INTERNATIONAL Development secretary Priti Patel has resigned from government after the row over her rogue state visit to the Middle East intensified, with the shocking revelation that she’d visited the occupied lands with the Israel government.
Patel had been about to start a three-day trade visit with Liam Fox in Nairobi, but was ordered back to London yesterday morning in what was a chaotic day even by the the standards of Theresa May’s government.
She is the second minister in a week to resign, after Michael Fallon stood down in the parliamentary sex pest row last Thursday.
The letters between May and Patel left no doubt that after the embarrassment the young minister had caused the Tory leader she would have been pushed had she not jumped.
“Now that further details have come to light, it is right that you have decided to resign and adhere to the high standards of transparency and openness that you have advocated,” May said.
News first emerged last week that during a family holiday to Israel in August, Patel, in the company of wealthy Tory donor Lord Polak, had visited with some organisations to discuss government business.
Polak, who is the honorary president of the Conservative Friends of Israel, and the chairman of the advisory board of TWC Associates, whose clients include Israeli defence company, Elbit Systems, and Mobileye, an Israeli technology company, set up the meetings for Patel and sat in on most of them.
When Patel spoke to a newspaper last week she told them Johnson and the Foreign Office had known all about her trip in advance.
“Boris knew about the visit,” Patel said. “The point is that the Foreign Office did know about this, Boris knew about [the trip].”
But then on Monday, it transpired that the Foreign Office hadn’t known about the trip.
Patel released a statement admitting as much, though didn’t quite confess to having lied previously.

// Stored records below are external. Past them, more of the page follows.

lemma poisson_sum_ge:
  assumes Im_pos: "\<And>k. Im (a k) > 0" and "\<bar>u\<bar> \<le> M"
  shows "sigma_seq a n / (M\<^sup>2 + 1) \<le> poisson_sum a n u"
proof -
  have "\<bar>Im (a k)\<bar> / (1 + (cmod (a k))\<^sup>2) / (M\<^sup>2 + 1)
      \<le> 2 * Im (a k) / ((u - Re (a k))\<^sup>2 + (Im (a k))\<^sup>2)" for k
  proof -
    define \<alpha> b where "\<alpha> = Re (a k)" and "b = Im (a k)"
    have "b > 0"
      using Im_pos[of k] by (simp add: b_def)
    have "u\<^sup>2 \<le> M\<^sup>2"
      using \<open>\<bar>u\<bar> \<le> M\<close> by (metis abs_ge_zero abs_le_square_iff abs_of_nonneg order_trans)
    moreover have "(u - \<alpha>)\<^sup>2 \<le> 2 * u\<^sup>2 + 2 * \<alpha>\<^sup>2"
      using zero_le_power2[of "u + \<alpha>"] unfolding power2_diff power2_sum by linarith
    moreover have "0 \<le> M\<^sup>2 * \<alpha>\<^sup>2" "0 \<le> M\<^sup>2 * b\<^sup>2" "0 \<le> b\<^sup>2"
      by simp_all
    moreover have "2 * ((1 + (\<alpha>\<^sup>2 + b\<^sup>2)) * (M\<^sup>2 + 1))
        = 2 + 2 * \<alpha>\<^sup>2 + 2 * b\<^sup>2 + 2 * M\<^sup>2 + 2 * (M\<^sup>2 * \<alpha>\<^sup>2) + 2 * (M\<^sup>2 * b\<^sup>2)"
      by (simp add: algebra_simps)
    ultimately have "(u - \<alpha>)\<^sup>2 + b\<^sup>2 \<le> 2 * ((1 + (\<alpha>\<^sup>2 + b\<^sup>2)) * (M\<^sup>2 + 1))"
      by linarith
    then have "((u - \<alpha>)\<^sup>2 + b\<^sup>2) / 2 \<le> (1 + (\<alpha>\<^sup>2 + b\<^sup>2)) * (M\<^sup>2 + 1)"
      by simp
    moreover have "0 < (1 + (\<alpha>\<^sup>2 + b\<^sup>2)) * (M\<^sup>2 + 1)" "0 < ((u - \<alpha>)\<^sup>2 + b\<^sup>2) / 2"
      using \<open>b > 0\<close> by (simp_all add: add_pos_nonneg add_nonneg_pos)
    ultimately have "b / ((1 + (\<alpha>\<^sup>2 + b\<^sup>2)) * (M\<^sup>2 + 1)) \<le> b / (((u - \<alpha>)\<^sup>2 + b\<^sup>2) / 2)"
      using \<open>b > 0\<close> by (intro divide_left_mono) simp_all
    moreover have "(cmod (a k))\<^sup>2 = \<alpha>\<^sup>2 + b\<^sup>2"
      by (simp add: cmod_power2 \<alpha>_def b_def)
    ultimately show ?thesis
      using \<open>b > 0\<close> by (simp add: \<alpha>_def b_def mult.commute)
  qed
  then show ?thesis
    unfolding sigma_seq_def poisson_sum_def sum_divide_distrib by (rule sum_mono)
qed

lemma abs_poisson_sum_deriv_le:
  assumes Im_pos: "\<And>k. Im (a k) > 0"
  shows "\<bar>poisson_sum_deriv a n u\<bar> \<le> 2 * varsigma_seq a n"
proof -
  have "\<bar>- 4 * Im (a k) * (u - Re (a k)) / ((u - Re (a k))\<^sup>2 + (Im (a k))\<^sup>2)\<^sup>2\<bar>
      \<le> 2 * (1 / (Im (a k))\<^sup>2)" for k
  proof -
    define t b where "t = u - Re (a k)" and "b = Im (a k)"
    define D where "D = t\<^sup>2 + b\<^sup>2"
    have "b > 0" "D > 0"
      using Im_pos[of k] by (simp_all add: b_def D_def add_nonneg_pos)
    have "4 * b * \<bar>t\<bar> \<le> 2 * D"
      using sum_squares_bound[of b "\<bar>t\<bar>"] by (simp add: D_def power2_eq_square algebra_simps)
    then have "\<bar>- 4 * b * t / D\<^sup>2\<bar> \<le> 2 * D / D\<^sup>2"
      using \<open>b > 0\<close> by (simp add: abs_divide abs_mult divide_right_mono)
    also have "\<dots> = 2 / D"
      using \<open>D > 0\<close> by (simp add: power2_eq_square)
    also have "\<dots> \<le> 2 / b\<^sup>2"
      using \<open>b > 0\<close> \<open>D > 0\<close> by (intro divide_left_mono) (simp_all add: D_def)
    finally show ?thesis
      by (simp add: t_def b_def D_def)
  qed
  then have "\<bar>poisson_sum_deriv a n u\<bar> \<le> (\<Sum>k<n. 2 * (1 / (Im (a k))\<^sup>2))"
    unfolding poisson_sum_deriv_def by (intro order_trans[OF sum_abs] sum_mono)
  then show ?thesis
    by (simp add: varsigma_seq_def sum_distrib_left)
qed

lemma mu_seq_eq_arctan_sum:
  assumes Im_pos: "\<And>k. Im (a k) > 0"
  shows "mu_seq a n t x = (arctan_sum a n (x + t) - arctan_sum a n x) / t"
proof -
  have "(LBINT u=x..x+t. poisson_sum a n u) = arctan_sum a n (x + t) - arctan_sum a n x"
  proof (rule interval_integral_FTC_finite)
    show "continuous_on {min x (x + t)..max x (x + t)} (poisson_sum a n)"
      using has_real_derivative_poisson_sum[of a, OF Im_pos]
      by (intro continuous_at_imp_continuous_on ballI DERIV_isCont) blast
    show "(arctan_sum a n has_vector_derivative poisson_sum a n u)
        (at u within {min x (x + t)..max x (x + t)})" for u
      using has_real_derivative_arctan_sum[of a, OF Im_pos]
      by (simp add: has_real_derivative_iff_has_vector_derivative has_vector_derivative_at_within)
  qed
  then show ?thesis
    by (simp add: mu_seq_def poisson_sum_def[abs_def])
qed

lemma mult_mu_seq_eq_phase:
  assumes Im_pos: "\<And>k. Im (a k) > 0" and "\<bar>s\<bar> = 1" and "y \<noteq> 0"
  shows "y * mu_seq a n (s * y) x = s * (arctan_sum a n (x + s * y) - arctan_sum a n x)"
proof -
  have "inverse s = s"
    using \<open>\<bar>s\<bar> = 1\<close> by (cases "s \<ge> 0") auto
  have "y * mu_seq a n (s * y) x = (arctan_sum a n (x + s * y) - arctan_sum a n x) / s"
    using \<open>y \<noteq> 0\<close> by (simp add: mu_seq_eq_arctan_sum[OF Im_pos])
  also have "\<dots> = s * (arctan_sum a n (x + s * y) - arctan_sum a n x)"
    using \<open>inverse s = s\<close> by (simp add: divide_inverse mult.commute)
  finally show ?thesis .
qed

lemma has_real_derivative_phase:
  assumes Im_pos: "\<And>k. Im (a k) > 0" and "\<bar>s\<bar> = 1"
  shows "((\<lambda>y. s * (arctan_sum a n (x + s * y) - arctan_sum a n x))
    has_real_derivative poisson_sum a n (x + s * y)) (at y)"
proof -
  have "s * s = 1"
    using \<open>\<bar>s\<bar> = 1\<close> by (metis abs_mult_self_eq mult_1_left)
  have "((\<lambda>y. arctan_sum a n (x + s * y)) has_real_derivative poisson_sum a n (x + s * y) * s) (at y)"
    by (rule DERIV_chain2[OF has_real_derivative_arctan_sum[of a, OF Im_pos]])
      (auto intro!: derivative_eq_intros)
  then have "((\<lambda>y. s * (arctan_sum a n (x + s * y) - arctan_sum a n x))
      has_real_derivative s * (poisson_sum a n (x + s * y) * s - 0)) (at y)"
    by (intro DERIV_cmult DERIV_diff DERIV_const)
  moreover have "s * (poisson_sum a n (x + s * y) * s - 0) = poisson_sum a n (x + s * y)"
    using \<open>s * s = 1\<close> by (metis diff_zero mult.commute mult.left_commute mult_1_right)
  ultimately show ?thesis
    by metis
qed

lemma varsigma_div_sigma_sq_tendsto_0:
  assumes sigma_inf: "filterlim (sigma_seq a) at_top sequentially"
    and ratio: "\<And>n. n \<ge> 1 \<Longrightarrow> varsigma_seq a n / sigma_seq a n \<le> C"
  shows "(\<lambda>n. varsigma_seq a n / (sigma_seq a n)\<^sup>2) \<longlonglongrightarrow> 0"
proof (rule Lim_null_comparison)
  have "\<forall>\<^sub>F n in sequentially. sigma_seq a n > 0"
    using sigma_inf by (simp add: filterlim_at_top_dense)
  then show "\<forall>\<^sub>F n in sequentially. norm (varsigma_seq a n / (sigma_seq a n)\<^sup>2) \<le> C / sigma_seq a n"
    using eventually_ge_at_top[of 1]
  proof eventually_elim
    case (elim n)
    have "varsigma_seq a n \<ge> 0"
      by (simp add: varsigma_seq_def sum_nonneg)
    then have "norm (varsigma_seq a n / (sigma_seq a n)\<^sup>2) = varsigma_seq a n / sigma_seq a n / sigma_seq a n"
      by (simp add: power2_eq_square)
    also have "\<dots> \<le> C / sigma_seq a n"
      using elim(1) by (intro divide_right_mono[OF ratio[OF elim(2)]]) simp
    finally show ?case .
  qed
  show "(\<lambda>n. C / sigma_seq a n) \<longlonglongrightarrow> 0"
    by (rule tendsto_divide_0[OF tendsto_const filterlim_at_top_imp_at_infinity[OF sigma_inf]])
qed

“In hindsight, I can see how my enthusiasm to engage in this way could be misread, and how meetings were set up and reported in a way which did not accord with the usual procedures. I am sorry for this and I apologise for it.”
The minister also revealed that she had been on 12 separate engagements with politicians and officials, including a meeting with Israeli prime minister Benjamin Netanyahu.

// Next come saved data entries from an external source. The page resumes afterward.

lemma mtr_mpow_nat_near_2:
  assumes d: "mdet v = 1" and near: "absv (mtr v - 2) < 1"
  shows "absv (mtr (mpow_nat v n) - 2) \<le> absv (mtr v - 2)"
proof -
  define s where "s = mtr v"
  define a where "a = fst (pow_coeffs s n)"
  define b where "b = snd (pow_coeffs s n)"
  have c: "absv (a - of_nat n) \<le> absv (s - 2)" "absv (b - (1 - of_nat n)) \<le> absv (s - 2)"
    using pow_coeffs_near_2[of s n] near by (auto simp: a_def b_def s_def)
  have "absv s \<le> 1" using absv_le_1_of_near_2 near by (simp add: s_def)
  then have t1: "absv (s * (a - of_nat n)) \<le> absv (s - 2)"
    using c(1) absv_mult_le_left order_trans by blast
  have t2: "absv (2 * (b - (1 - of_nat n))) \<le> absv (s - 2)"
    using c(2) absv_2_mult_le[of "b - (1 - of_nat n)"] by linarith
  have t3: "absv ((s - 2) * of_nat n) \<le> absv (s - 2)"
    using absv_of_nat_le_1[of n] by (simp add: mult_left_le_one_le mult.commute)
  have e: "pow_trace s n - 2 = s * (a - of_nat n) + 2 * (b - (1 - of_nat n)) + (s - 2) * of_nat n"
    by (simp add: pow_trace_def a_def b_def algebra_simps)
  have "absv (pow_trace s n - 2) \<le> absv (s - 2)"
    unfolding e using t1 t2 t3 by (intro absv_add_le)
  then show ?thesis using mtr_mpow_nat[OF d] by (simp add: s_def)
qed

text \<open>For \<open>w \<noteq> \<plusminus>1\<close> of order dividing \<open>l\<close>, \<open>w\<^sup>l = 1\<close> forces \<open>\<alpha>\<^sub>l = 0\<close>, while
  \<open>\<alpha>\<^sub>l \<equiv> l\<close> modulo \<open>tr w - 2\<close>.\<close>

lemma absv_order_le_trace_dist:
  assumes "mdet w = 1" "mpow_nat w l = mone" "w \<noteq> mone" "w \<noteq> (-1, 0, 0, -1)"
    and near: "absv (mtr w - 2) < 1"
  shows "absv (of_nat l) \<le> absv (mtr w - 2)"
proof -
  have "mlin (fst (pow_coeffs (mtr w) l)) (snd (pow_coeffs (mtr w) l)) w = mone"
    using mpow_nat_eq_mlin[OF assms(1), of l] assms(2) by simp
  then have "fst (pow_coeffs (mtr w) l) = 0"
    using mlin_eq_mone_imp_scalar assms(1,3,4) by blast
  then show ?thesis using pow_coeffs_near_2[OF near, of l] by simp
qed

definition prime_absv_bound :: "real \<Rightarrow> bool" where
  "prime_absv_bound \<delta> \<longleftrightarrow>
     0 < \<delta> \<and> \<delta> \<le> 1 \<and> (\<forall>l. prime l \<longrightarrow> of_nat l \<noteq> (0::'a) \<longrightarrow> \<delta> \<le> absv (of_nat l))"

text \<open>At most one prime \<open>l\<close> can have \<open>|l| < 1\<close>: two such would give \<open>|1| < 1\<close> by Bezout.\<close>

lemma exists_prime_absv_bound: "\<exists>\<delta>. prime_absv_bound \<delta>"
proof (cases "\<exists>l0. prime l0 \<and> of_nat l0 \<noteq> (0::'a) \<and> absv (of_nat l0) < 1")
  case True
  then obtain l0 where l0: "prime l0" "of_nat l0 \<noteq> (0::'a)" "absv (of_nat l0) < 1" by blast
  have "absv (of_nat l0) \<le> absv (of_nat l)" if l: "prime l" "of_nat l \<noteq> (0::'a)" for l
  proof (cases "l = l0")
    case False
    have "coprime (int l) (int l0)" using primes_coprime[OF l(1) l0(1) False] by simp
    then obtain u v where uv: "u * int l + v * int l0 = 1"
      using bezout_int[of "int l" "int l0"] by (auto simp: coprime_iff_gcd_eq_1)
    have "(1::'a) = of_int u * of_nat l + of_int v * of_nat l0"
      using arg_cong[OF uv, of "of_int :: int \<Rightarrow> 'a"] by simp
    then have "1 \<le> max (absv (of_int u * of_nat l)) (absv (of_int v * of_nat l0))"
      using absv_ultra by (metis absv_1)
    moreover have "absv (of_int v * of_nat l0) < 1"
      using absv_mult_le_left[OF absv_of_int_le_1[of v], of "of_nat l0"] l0(3) by linarith
    ultimately have "1 \<le> absv (of_int u * of_nat l)" by linarith
    also have "\<dots> \<le> absv (of_nat l)" using absv_mult_le_left[OF absv_of_int_le_1] .
    finally show ?thesis using l0(3) by simp
  qed simp
  moreover have "0 < absv (of_nat l0 :: 'a)" using l0(2) by (simp add: absv_pos_iff)
  ultimately show ?thesis using l0 unfolding prime_absv_bound_def
    by (intro exI[of _ "absv (of_nat l0 :: 'a)"]) auto
next
  case False
  then show ?thesis unfolding prime_absv_bound_def by (intro exI[of _ 1]) (auto simp: not_less)
qed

May’s spokesman told journalists that the first the Prime Minister knew about Patel’s meeting with Netanyahu was last Friday, some three months after it happened.
After Monday’s clarification, a No 10 spokesman tried to draw a veil over the whole affair: “The Prime Minister welcomes the secretary of state’s clarification about her trip to Israel and has accepted her apology for her handling of the matter.”

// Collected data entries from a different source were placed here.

(* Let $K$ be a field, $P=K[x_1,\dots,x_n]$, $\sigma$ a term ordering on $\mathbb{T}^n$, and let $I,J$ be ideals in $P$. If $I\subsetneq J$ then $O_\sigma(J)\prec_\sigma O_\sigma(I)$.
   Context: $\mathbb{T}^n$ is the monoid of power-products in $x_1,\dots,x_n$. A tuple $(t_1,\dots,t_r)$ of distinct power-products is $\sigma$-ordered if $t_1<_\sigma\cdots<_\sigma t_r$ (the empty tuple is $\sigma$-ordered). For an ideal $I$, $O_\sigma(I)$ is the $\sigma$-ordered tuple of the leading terms of a minimal $\sigma$-Gröbner basis of $I$ (equivalently, the minimal power-product generators of $\mathrm{LT}_\sigma(I)$ in increasing $\sigma$-order); it is the empty tuple if $I=0$. For $\sigma$-ordered tuples $T=(t_1,\dots,t_r)$ and $T'=(t'_1,\dots,t'_{r'})$, $T'\prec_\sigma T$ means either $T$ is a proper prefix of $T'$ (i.e. $r<r'$ and $t_i=t'_i$ for $i\le r$), or there is $k\le\min(r,r')$ with $t_i=t'_i$ for $i<k$ and $t'_k<_\sigma t_k$. *)

theory Defs
  imports Main "HOL-Library.Poly_Mapping"
begin

(* Power-products in the variables x_0,...,x_{n-1}: exponent vectors
  (nat \<Rightarrow>\<^sub>0 nat) whose support lies in {..<n}; multiplication of
  power-products is addition of exponent vectors, 1 is 0.
  Polynomials over a field 'a are finitely supported maps from power-products
  to coefficients, with the convolution product of Poly_Mapping. *)

type_synonym pp = "nat \<Rightarrow>\<^sub>0 nat"
type_synonym 'a mpoly = "pp \<Rightarrow>\<^sub>0 'a"

definition Tn :: "nat \<Rightarrow> pp set" where
  "Tn n = {t. Poly_Mapping.keys t \<subseteq> {..<n}}"

definition Pn :: "nat \<Rightarrow> ('a::zero) mpoly set" where
  "Pn n = {f. Poly_Mapping.keys f \<subseteq> Tn n}"

definition pp_dvd :: "pp \<Rightarrow> pp \<Rightarrow> bool" where
  "pp_dvd s t \<longleftrightarrow> (\<forall>i. Poly_Mapping.lookup s i \<le> Poly_Mapping.lookup t i)"

definition term_ordering :: "nat \<Rightarrow> (pp \<Rightarrow> pp \<Rightarrow> bool) \<Rightarrow> bool" where
  "term_ordering n lt \<longleftrightarrow>
     (\<forall>s t. lt s t \<longrightarrow> s \<in> Tn n \<and> t \<in> Tn n) \<and>
     (\<forall>t \<in> Tn n. \<not> lt t t) \<and>
     (\<forall>s \<in> Tn n. \<forall>t \<in> Tn n. \<forall>u \<in> Tn n. lt s t \<longrightarrow> lt t u \<longrightarrow> lt s u) \<and>
     (\<forall>s \<in> Tn n. \<forall>t \<in> Tn n. s = t \<or> lt s t \<or> lt t s) \<and>
     (\<forall>s \<in> Tn n. \<forall>t \<in> Tn n. \<forall>u \<in> Tn n. lt s t \<longrightarrow> lt (s + u) (t + u)) \<and>
     (\<forall>t \<in> Tn n. t = 0 \<or> lt 0 t)"

definition is_ideal :: "nat \<Rightarrow> ('a::comm_ring_1) mpoly set \<Rightarrow> bool" where
  "is_ideal n I \<longleftrightarrow> I \<subseteq> Pn n \<and> 0 \<in> I \<and>
     (\<forall>f \<in> I. \<forall>g \<in> I. f + g \<in> I) \<and>
     (\<forall>f \<in> I. \<forall>g \<in> Pn n. g * f \<in> I)"

definition LT :: "(pp \<Rightarrow> pp \<Rightarrow> bool) \<Rightarrow> ('a::zero) mpoly \<Rightarrow> pp" where
  "LT lt f = (THE t. t \<in> Poly_Mapping.keys f \<and> (\<forall>s \<in> Poly_Mapping.keys f. s = t \<or> lt s t))"

(* Power-products in LT_sigma(I) (the leading terms of nonzero elements of I). *)
definition LTs :: "(pp \<Rightarrow> pp \<Rightarrow> bool) \<Rightarrow> ('a::zero) mpoly set \<Rightarrow> pp set" where
  "LTs lt I = {LT lt f | f. f \<in> I \<and> f \<noteq> 0}"

definition min_gens :: "(pp \<Rightarrow> pp \<Rightarrow> bool) \<Rightarrow> ('a::zero) mpoly set \<Rightarrow> pp set" where
  "min_gens lt I = {t \<in> LTs lt I. \<forall>s \<in> LTs lt I. pp_dvd s t \<longrightarrow> s = t}"

definition O_sigma :: "(pp \<Rightarrow> pp \<Rightarrow> bool) \<Rightarrow> ('a::zero) mpoly set \<Rightarrow> pp list" where
  "O_sigma lt I = (THE xs. sorted_wrt lt xs \<and> set xs = min_gens lt I)"

definition tuple_prec :: "(pp \<Rightarrow> pp \<Rightarrow> bool) \<Rightarrow> pp list \<Rightarrow> pp list \<Rightarrow> bool" where
  "tuple_prec lt T' T \<longleftrightarrow>
     (length T < length T' \<and> take (length T) T' = T) \<or>
     (\<exists>k < min (length T) (length T'). take k T' = take k T \<and> lt (T' ! k) (T ! k))"

end

theory Submission
  imports Defs
begin

text \<open>For ideals \<open>I \<subset> J\<close> the monomial ideals of leading terms satisfy
  \<open>LT(I) \<subset> LT(J)\<close>: an element of \<open>J - I\<close> with \<open>\<sigma>\<close>-least leading term could otherwise be
  reduced by an element of \<open>I\<close> with the same leading term, staying in \<open>J - I\<close> and lowering
  its leading term. Let \<open>t\<close> be the \<open>\<sigma>\<close>-least minimal generator of \<open>LT(J)\<close> outside \<open>LT(I)\<close>.
  Below \<open>t\<close> the minimal generators of \<open>LT(I)\<close> and \<open>LT(J)\<close> coincide, so \<open>O(J)\<close> and
  \<open>O(I)\<close> share the prefix of generators below \<open>t\<close>, after which \<open>O(J)\<close> continues with \<open>t\<close> while
  \<open>O(I)\<close> stops or continues with a larger term.\<close>

locale strict_total_on =
  fixes A :: "'a set" and r :: "'a \<Rightarrow> 'a \<Rightarrow> bool"
  assumes irrefl: "x \<in> A \<Longrightarrow> \<not> r x x"
    and trans: "x \<in> A \<Longrightarrow> y \<in> A \<Longrightarrow> z \<in> A \<Longrightarrow> r x y \<Longrightarrow> r y z \<Longrightarrow> r x z"
    and total: "x \<in> A \<Longrightarrow> y \<in> A \<Longrightarrow> x = y \<or> r x y \<or> r y x"
begin

lemma finite_has_least:
  assumes "finite X" "X \<noteq> {}" "X \<subseteq> A"
  shows "\<exists>m\<in>X. \<forall>x\<in>X. m = x \<or> r m x"
  using assms
proof (induction X rule: finite_ne_induct)
  case (insert x F)
  then obtain m where m: "m \<in> F" "\<forall>y\<in>F. m = y \<or> r m y" by auto
  have "x = m \<or> r x m \<or> r m x" using total insert.prems m(1) by auto
  then show ?case
  proof (elim disjE)
    assume "r x m"
    then have "\<forall>y\<in>insert x F. x = y \<or> r x y" using m insert.prems trans[of x m] by fastforce
    then show ?thesis by blast
  qed (use m in auto)
qed simp

lemma dual: "strict_total_on A (\<lambda>x y. r y x)"
  by unfold_locales (auto intro: trans dest: irrefl total)

lemma finite_has_greatest:
  assumes "finite X" "X \<noteq> {}" "X \<subseteq> A"
  shows "\<exists>m\<in>X. \<forall>x\<in>X. m = x \<or> r x m"
  using strict_total_on.finite_has_least[OF dual assms] .

lemma ex_sorted_list:
  assumes "finite X" "X \<subseteq> A"
  shows "\<exists>xs. sorted_wrt r xs \<and> set xs = X"
  using assms
proof (induction X rule: finite_psubset_induct)
  case (psubset X)
  show ?case
  proof (cases "X = {}")
    case False
    then obtain m where m: "m \<in> X" "\<forall>x\<in>X. m = x \<or> r m x"
      using finite_has_least psubset.hyps(1) psubset.prems by blast
    obtain xs where "sorted_wrt r xs" "set xs = X - {m}"
      using psubset.IH[of "X - {m}"] psubset.prems m(1) by blast
    then have "sorted_wrt r (m # xs) \<and> set (m # xs) = X" using m by auto
    then show ?thesis by blast
  qed simp
qed

lemma sorted_list_unique:
  assumes "sorted_wrt r xs" "sorted_wrt r ys" "set xs = set ys" "set xs \<subseteq> A"
  shows "xs = ys"
  using assms
proof (induction xs arbitrary: ys)
  case (Cons x xs)
  then obtain y ys' where ys: "ys = y # ys'" by (cases ys) auto
  have "x = y"
  proof (rule ccontr)
    assume "x \<noteq> y"
    then have "r x y" "r y x" using Cons.prems ys by auto
    moreover have "x \<in> A" "y \<in> A" using Cons.prems(3,4) ys by auto
    ultimately show False using trans[of x y x] irrefl[of x] by blast
  qed
  moreover have "x \<notin> set xs" "y \<notin> set ys'" using Cons.prems ys irrefl by fastforce+
  ultimately have "set xs = set ys'" using Cons.prems(3) ys insert_ident by (metis list.set(2))
  then show ?case using Cons.IH[of ys'] Cons.prems \<open>x = y\<close> ys by auto
qed simp

lemma set_takeWhile_sorted:
  assumes "sorted_wrt r xs" "set xs \<subseteq> A" "t \<in> A"
  shows "set (takeWhile (\<lambda>x. r x t) xs) = {x \<in> set xs. r x t}"
  using assms
proof (induction xs)
  case (Cons x xs)
  then show ?case using trans[of x _ t] by auto
qed simp

lemma sorted_lists_split_at:
  assumes xs: "sorted_wrt r xs" "set xs \<subseteq> A" and ys: "sorted_wrt r ys" "set ys \<subseteq> A"
    and t: "t \<in> set ys" "t \<notin> set xs"
    and below: "{x \<in> set xs. r x t} = {y \<in> set ys. r y t}"
  obtains p zs where "ys = p @ t # zs" "xs = p \<or> (\<exists>a zs'. xs = p @ a # zs' \<and> r t a)"
proof -
  let ?below = "\<lambda>x. r x t"
  define p where "p = takeWhile ?below ys"
  have tA: "t \<in> A" using t ys by auto
  have "takeWhile ?below xs = p"
    unfolding p_def using below xs ys tA
    by (intro sorted_list_unique) (auto simp: set_takeWhile_sorted dest: set_takeWhileD)
  then have xs_split: "xs = p @ dropWhile ?below xs" by (metis takeWhile_dropWhile_id)
  have "t \<in> set (dropWhile ?below ys)"
    using t irrefl[OF tA] by (metis set_takeWhileD takeWhile_dropWhile_id Un_iff set_append)
  then obtain h zs where hzs: "dropWhile ?below ys = h # zs" by (cases "dropWhile ?below ys") auto
  have "\<not> r h t" using hzs by (metis dropWhile_eq_Cons_conv)
  moreover have "sorted_wrt r (h # zs)" using sorted_wrt_dropWhile[OF ys(1)] hzs by metis
  then have "t = h \<or> r h t" using \<open>t \<in> set (dropWhile ?below ys)\<close> hzs by auto
  ultimately have ys_split: "ys = p @ t # zs" unfolding p_def using hzs by (metis takeWhile_dropWhile_id)
  show ?thesis
  proof (cases "dropWhile ?below xs")
    case Nil
    then have "xs = p" using xs_split by (metis append.right_neutral)
    then show ?thesis using that ys_split by blast
  next
    case (Cons a zs')
    have "\<not> r a t" using Cons by (metis dropWhile_eq_Cons_conv)
    moreover have "a \<in> set xs" using Cons set_dropWhileD by (metis list.set_intros(1))
    then have "a \<in> A" "a \<noteq> t" using xs(2) t(2) by auto
    ultimately have "r t a" using total tA by blast
    then show ?thesis using that ys_split xs_split Cons by auto
  qed
qed

end

lemma pp_dvd_refl [simp]: "pp_dvd t t"
  unfolding pp_dvd_def by simp

lemma pp_dvd_trans: "pp_dvd s t \<Longrightarrow> pp_dvd t u \<Longrightarrow> pp_dvd s u"
  unfolding pp_dvd_def using order_trans by blast

lemma pp_dvd_antisym: "pp_dvd s t \<Longrightarrow> pp_dvd t s \<Longrightarrow> s = t"
  unfolding pp_dvd_def by (rule poly_mapping_eqI) (meson le_antisym)

lemma pp_dvd_iff_add: "pp_dvd s t \<longleftrightarrow> t = (t - s) + s"
  unfolding pp_dvd_def
  by (metis le_add2 diff_add lookup_add lookup_minus poly_mapping_eqI)

definition pp_degree :: "pp \<Rightarrow> nat" where
  "pp_degree t = (\<Sum>i\<in>Poly_Mapping.keys t. Poly_Mapping.lookup t i)"

lemma pp_dvd_degree_less:
  assumes "pp_dvd s t" "s \<noteq> t"
  shows "pp_degree s < pp_degree t"
proof -
  have le: "Poly_Mapping.lookup s i \<le> Poly_Mapping.lookup t i" for i
    using assms(1) unfolding pp_dvd_def by blast
  have keys: "Poly_Mapping.keys s \<subseteq> Poly_Mapping.keys t"
  proof
    fix i assume "i \<in> Poly_Mapping.keys s"
    then show "i \<in> Poly_Mapping.keys t" using le[of i] by (simp add: in_keys_iff)
  qed
  obtain i where "Poly_Mapping.lookup s i \<noteq> Poly_Mapping.lookup t i"
    using assms(2) by (meson poly_mapping_eqI)
  then have i: "Poly_Mapping.lookup s i < Poly_Mapping.lookup t i" "i \<in> Poly_Mapping.keys t"
    using le[of i] by (auto simp: in_keys_iff)
  have "(\<Sum>i\<in>Poly_Mapping.keys s. Poly_Mapping.lookup s i) = (\<Sum>i\<in>Poly_Mapping.keys t. Poly_Mapping.lookup s i)"
    using keys by (intro sum.mono_neutral_left) (auto simp: in_keys_iff)
  also have "\<dots> < (\<Sum>i\<in>Poly_Mapping.keys t. Poly_Mapping.lookup t i)"
    using le i by (intro sum_strict_mono_ex1) auto
  finally show ?thesis unfolding pp_degree_def .
qed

And then, on Tuesday, it turned out that Patel had asked her officials to look at giving British aid to the Israeli Defence Force for their work in the disputed Golan Heights. The first the Prime Minister heard of that was when the BBC’s Today programme reported it.
As Patel flew out to Africa on Tuesday, another newspaper reported two other meetings with senior Israelis that the minister hadn’t declared. There were also reports that she had visited the Golan Heights.
This is a diplomatic no-no for British politicians. The area is regarded as illegally occupied Syrian territory having been seized and occupied during the 1967 Six-Day War and annexed it in 1981, a move condemned by the UN Security Council.
Patel visited a field hospital, which has treated thousands of Syrians, mostly wounded rebel combatants, including al-Qaeda militants, as part of Israel’s “good neighbourhood” policy to create a bulwark against Iranian-backed forces in Syria.
Then, sensationally, the Jewish Chronicle claimed No 10 knew all about Patel’s meetings – though Downing Street denied that.
May now has to appoint a successor for Patel, which will bring its own challenges. The Essex MP was a prominent Brexiteer.